## EXERCISE AIM
What you return must be exactly the lines running from the one with "unfolding T_def by auto" to the end of the data below, inclusive, and nothing more.

## INFORMATION PROVIDED
■ ■ ■ ■ ■
lemma card_rb_pairs_contract:
  assumes "u \<in> V" and "v \<in> V" and "u \<noteq> v"
  shows "card {(f, xs) \<in> rb_pairs V (E - {(u, v)}) m. f u = f v \<and> (\<exists>ys zs. xs = ys @ u # v # zs)}
           = card (rb_pairs (contr_V V (u, v)) (contr_E E (u, v)) m)"
proof -
  define T where "T = {(ys, zs). ys @ u # v # zs \<in> enumerations V}"
  define merge where "merge = (\<lambda>(ys, zs). ys @ u # v # zs)"
  define merge_contracted :: "'a list \<times> 'a list \<Rightarrow> 'a option list"
    where "merge_contracted = (\<lambda>(ys, zs). map Some ys @ None # map Some zs)"
  have "inj_on merge T"
  proof (rule inj_onI, clarify)
    fix ys zs ys' zs' assume "(ys, zs) \<in> T" and "merge (ys, zs) = merge (ys', zs')"
    then have "u \<notin> set ys" "u \<notin> set (v # zs)" "ys @ u # v # zs = ys' @ u # v # zs'"
      unfolding T_def merge_def enumerations_def by auto
    then show "ys = ys' \<and> zs = zs'"
      by (simp add: append_Cons_eq_iff)
  qed
  then have bij_merge: "bij_betw merge T (merge ` T)"
    by (rule inj_on_imp_bij_betw)
  have "inj_on merge_contracted T"
  proof (rule inj_onI, clarify)
    fix ys zs ys' zs' assume "merge_contracted (ys, zs) = merge_contracted (ys', zs')"
    then have "map Some ys = map Some ys' \<and> map Some zs = map Some zs'"
      unfolding merge_contracted_def by (simp add: append_Cons_eq_iff)
    then show "ys = ys' \<and> zs = zs'"
      by (simp add: inj_map_eq_map)
  qed
  then have bij_merge_contracted: "bij_betw merge_contracted T (enumerations (contr_V V (u, v)))"
    unfolding enumerations_contr_V[OF assms] merge_contracted_def T_def by (rule inj_on_imp_bij_betw)
  have "merge ` T = {xs \<in> enumerations V. \<exists>ys zs. xs = ys @ u # v # zs}"
    unfolding merge_def T_def by force
  then have "{(f, xs) \<in> rb_pairs V (E - {(u, v)}) m. f u = f v \<and> (\<exists>ys zs. xs = ys @ u # v # zs)}
      = {(f, xs). f \<in> {f \<in> V \<rightarrow>\<^sub>E {1..m}. f u = f v} \<and> xs \<in> merge ` T
                  \<and> successively (admissible (E - {(u, v)}) f) xs}"
    unfolding rb_pairs_def by auto
  also have "card \<dots> = card {(f, p). f \<in> {f \<in> V \<rightarrow>\<^sub>E {1..m}. f u = f v} \<and> p \<in> T
                  \<and> successively (admissible (E - {(u, v)}) f) (merge p)}"
    by (rule card_pairs_bij_betw[OF bij_betw_id bij_merge, symmetric]) simp
  also have "\<dots> = card (rb_pairs (contr_V V (u, v)) (contr_E E (u, v)) m)"
    unfolding rb_pairs_def
  proof (rule card_pairs_bij_betw[OF bij_betw_contract_coloring[OF assms(1,2)] bij_merge_contracted])
    fix f p assume f: "f \<in> {f \<in> V \<rightarrow>\<^sub>E {1..m}. f u = f v}" and "p \<in> T"
    then obtain ys zs where p: "p = (ys, zs)" and "ys @ u # v # zs \<in> enumerations V"
      unfolding T_def by auto
    then have "set ys \<union> set zs \<subseteq> V - {u, v}"
      unfolding enumerations_def by auto
    with f show "successively (admissible (contr_E E (u, v)) (contract_coloring V (u, v) f)) (merge_contracted p)
               \<longleftrightarrow> successively (admissible (E - {(u, v)}) f) (merge p)"
      unfolding p merge_def merge_contracted_def by (simp add: successively_contract[OF assms(3)])
  qed
  finally show ?thesis .
qed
■ ■ ■ ■ ■
## ANSWER FOR THE TASK
      unfolding T_def by auto
    then have "set ys \<union> set zs \<subseteq> V - {u, v}"
      unfolding enumerations_def by auto
    with f show "successively (admissible (contr_E E (u, v)) (contract_coloring V (u, v) f)) (merge_contracted p)
               \<longleftrightarrow> successively (admissible (E - {(u, v)}) f) (merge p)"
      unfolding p merge_def merge_contracted_def by (simp add: successively_contract[OF assms(3)])
  qed
  finally show ?thesis .
qed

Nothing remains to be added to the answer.